▶ **Work item**
Please reproduce the data in full, exactly as it stands.

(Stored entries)
(* Let $P$ be a convex polygon, let $\mathcal{R}$ be the smallest axis-parallel rectangle containing $P$, with side lengths $L\ge W>0$, and let $r=\frac14\sqrt{L^2+4W^2}$. Suppose that $P$ has four distinct vertices lying respectively on the four different sides of $\mathcal{R}$ and forming a (nondegenerate) quadrilateral. Then $r\le 2\,r_{opt}(P)$.
   Context: For a compact set $X\subset\mathbb{R}^2$, $r_{opt}(X)$ denotes the minimum $r$ such that two closed disks of radius $r$ have union containing $X$. The number $r$ is the radius of the two congruent disks circumscribing the two halves $\frac L2\times W$ of $\mathcal{R}$ obtained by splitting it through its longer sides' midpoints. *)

theory Defs
  imports "HOL-Analysis.Analysis"
begin

text \<open>Points of the plane are pairs of reals; the product metric is Euclidean.\<close>

definition r_opt :: "(real \<times> real) set \<Rightarrow> real" where
  "r_opt X = Inf {r. \<exists>c1 c2. X \<subseteq> cball c1 r \<union> cball c2 r}"

definition convex_polygon :: "(real \<times> real) set \<Rightarrow> bool" where
  "convex_polygon P \<longleftrightarrow> (\<exists>V. finite V \<and> P = convex hull V) \<and> interior P \<noteq> {}"

definition vertex_of :: "(real \<times> real) \<Rightarrow> (real \<times> real) set \<Rightarrow> bool" where
  "vertex_of v P \<longleftrightarrow> v extreme_point_of P"

text \<open>The smallest axis-parallel rectangle containing P is
  [xmin P, xmax P] \<times> [ymin P, ymax P].\<close>
definition xmin :: "(real \<times> real) set \<Rightarrow> real" where "xmin P = Inf (fst ` P)"
definition xmax :: "(real \<times> real) set \<Rightarrow> real" where "xmax P = Sup (fst ` P)"
definition ymin :: "(real \<times> real) set \<Rightarrow> real" where "ymin P = Inf (snd ` P)"
definition ymax :: "(real \<times> real) set \<Rightarrow> real" where "ymax P = Sup (snd ` P)"

end

theory Submission
  imports Defs
begin

text \<open>
  Let \<open>X\<close>, \<open>Y\<close> be the side lengths of the bounding rectangle and \<open>D = \<surd>(L\<^sup>2 + 4W\<^sup>2)/4\<close>.
  Every point \<open>e\<close> on the boundary of the quadrilateral \<open>abcd\<close> is at distance at least \<open>D\<close>
  from one of its vertices: for \<open>e\<close> on \<open>bc\<close> at parameter \<open>t\<close>, the distances to \<open>b\<close> and \<open>c\<close>
  are \<open>t |bc|\<close> and \<open>(1 - t) |bc|\<close>, while those to \<open>a\<close> and \<open>d\<close> are at least the horizontal and
  vertical gaps to the opposite sides of the rectangle; if all four were below \<open>D\<close>, then
  \<open>D < min X Y\<close> and \<open>(X - D)\<^sup>2 + (Y - D)\<^sup>2 < D\<^sup>2\<close>, which an elementary inequality for \<open>D\<close> forbids.
  The other edges reduce to \<open>bc\<close> by reflecting the plane.

  Now cover \<open>P\<close> by two disks of radius \<open>\<rho>\<close>. If one disk contains the (connected) boundary of
  \<open>abcd\<close>, it contains \<open>a, c\<close> and \<open>b, d\<close>, so \<open>2\<rho> \<ge> max X Y \<ge> D\<close>. Otherwise some boundary
  point \<open>e\<close> lies in both disks, and a vertex far from \<open>e\<close> lies in one of them, so \<open>D \<le> 2\<rho>\<close>.
\<close>

text \<open>The circumradius of either half of the \<open>X \<times> Y\<close> rectangle cut through the midpoints of
  its longer sides.\<close>

definition half_rect_circumradius :: "real \<Rightarrow> real \<Rightarrow> real" where
  "half_rect_circumradius X Y = sqrt ((max X Y)^2 + 4 * (min X Y)^2) / 4"

lemma half_rect_circumradius_sq:
  "16 * (half_rect_circumradius X Y)^2 = (max X Y)^2 + 4 * (min X Y)^2"
  by (simp add: half_rect_circumradius_def power_divide)

lemma half_rect_circumradius_le_max:
  assumes "0 \<le> X" "0 \<le> Y"
  shows "half_rect_circumradius X Y \<le> max X Y"
proof -
  have "(min X Y)^2 \<le> (max X Y)^2"
    using assms by (intro power_mono) auto
  moreover have "(4 * max X Y)^2 = 16 * (max X Y)^2" by simp
  ultimately have "(max X Y)^2 + 4 * (min X Y)^2 \<le> (4 * max X Y)^2"
    using zero_le_power2[of "max X Y"] by linarith
  hence "sqrt ((max X Y)^2 + 4 * (min X Y)^2) \<le> 4 * max X Y"
    using assms by (intro real_le_lsqrt) auto
  thus ?thesis unfolding half_rect_circumradius_def by simp
qed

▶ **Answer to the problem**
(* Let $P$ be a convex polygon, let $\mathcal{R}$ be the smallest axis-parallel rectangle containing $P$, with side lengths $L\ge W>0$, and let $r=\frac14\sqrt{L^2+4W^2}$. Suppose that $P$ has four distinct vertices lying respectively on the four different sides of $\mathcal{R}$ and forming a (nondegenerate) quadrilateral. Then $r\le 2\,r_{opt}(P)$.
   Context: For a compact set $X\subset\mathbb{R}^2$, $r_{opt}(X)$ denotes the minimum $r$ such that two closed disks of radius $r$ have union containing $X$. The number $r$ is the radius of the two congruent disks circumscribing the two halves $\frac L2\times W$ of $\mathcal{R}$ obtained by splitting it through its longer sides' midpoints. *)

theory Defs
  imports "HOL-Analysis.Analysis"
begin

text \<open>Points of the plane are pairs of reals; the product metric is Euclidean.\<close>

definition r_opt :: "(real \<times> real) set \<Rightarrow> real" where
  "r_opt X = Inf {r. \<exists>c1 c2. X \<subseteq> cball c1 r \<union> cball c2 r}"

definition convex_polygon :: "(real \<times> real) set \<Rightarrow> bool" where
  "convex_polygon P \<longleftrightarrow> (\<exists>V. finite V \<and> P = convex hull V) \<and> interior P \<noteq> {}"

definition vertex_of :: "(real \<times> real) \<Rightarrow> (real \<times> real) set \<Rightarrow> bool" where
  "vertex_of v P \<longleftrightarrow> v extreme_point_of P"

text \<open>The smallest axis-parallel rectangle containing P is
  [xmin P, xmax P] \<times> [ymin P, ymax P].\<close>
definition xmin :: "(real \<times> real) set \<Rightarrow> real" where "xmin P = Inf (fst ` P)"
definition xmax :: "(real \<times> real) set \<Rightarrow> real" where "xmax P = Sup (fst ` P)"
definition ymin :: "(real \<times> real) set \<Rightarrow> real" where "ymin P = Inf (snd ` P)"
definition ymax :: "(real \<times> real) set \<Rightarrow> real" where "ymax P = Sup (snd ` P)"

end

theory Submission
  imports Defs
begin

text \<open>
  Let \<open>X\<close>, \<open>Y\<close> be the side lengths of the bounding rectangle and \<open>D = \<surd>(L\<^sup>2 + 4W\<^sup>2)/4\<close>.
  Every point \<open>e\<close> on the boundary of the quadrilateral \<open>abcd\<close> is at distance at least \<open>D\<close>
  from one of its vertices: for \<open>e\<close> on \<open>bc\<close> at parameter \<open>t\<close>, the distances to \<open>b\<close> and \<open>c\<close>
  are \<open>t |bc|\<close> and \<open>(1 - t) |bc|\<close>, while those to \<open>a\<close> and \<open>d\<close> are at least the horizontal and
  vertical gaps to the opposite sides of the rectangle; if all four were below \<open>D\<close>, then
  \<open>D < min X Y\<close> and \<open>(X - D)\<^sup>2 + (Y - D)\<^sup>2 < D\<^sup>2\<close>, which an elementary inequality for \<open>D\<close> forbids.
  The other edges reduce to \<open>bc\<close> by reflecting the plane.

  Now cover \<open>P\<close> by two disks of radius \<open>\<rho>\<close>. If one disk contains the (connected) boundary of
  \<open>abcd\<close>, it contains \<open>a, c\<close> and \<open>b, d\<close>, so \<open>2\<rho> \<ge> max X Y \<ge> D\<close>. Otherwise some boundary
  point \<open>e\<close> lies in both disks, and a vertex far from \<open>e\<close> lies in one of them, so \<open>D \<le> 2\<rho>\<close>.
\<close>

text \<open>The circumradius of either half of the \<open>X \<times> Y\<close> rectangle cut through the midpoints of
  its longer sides.\<close>

definition half_rect_circumradius :: "real \<Rightarrow> real \<Rightarrow> real" where
  "half_rect_circumradius X Y = sqrt ((max X Y)^2 + 4 * (min X Y)^2) / 4"

lemma half_rect_circumradius_sq:
  "16 * (half_rect_circumradius X Y)^2 = (max X Y)^2 + 4 * (min X Y)^2"
  by (simp add: half_rect_circumradius_def power_divide)

lemma half_rect_circumradius_le_max:
  assumes "0 \<le> X" "0 \<le> Y"
  shows "half_rect_circumradius X Y \<le> max X Y"
proof -
  have "(min X Y)^2 \<le> (max X Y)^2"
    using assms by (intro power_mono) auto
  moreover have "(4 * max X Y)^2 = 16 * (max X Y)^2" by simp
  ultimately have "(max X Y)^2 + 4 * (min X Y)^2 \<le> (4 * max X Y)^2"
    using zero_le_power2[of "max X Y"] by linarith
  hence "sqrt ((max X Y)^2 + 4 * (min X Y)^2) \<le> 4 * max X Y"
    using assms by (intro real_le_lsqrt) auto
  thus ?thesis unfolding half_rect_circumradius_def by simp
qed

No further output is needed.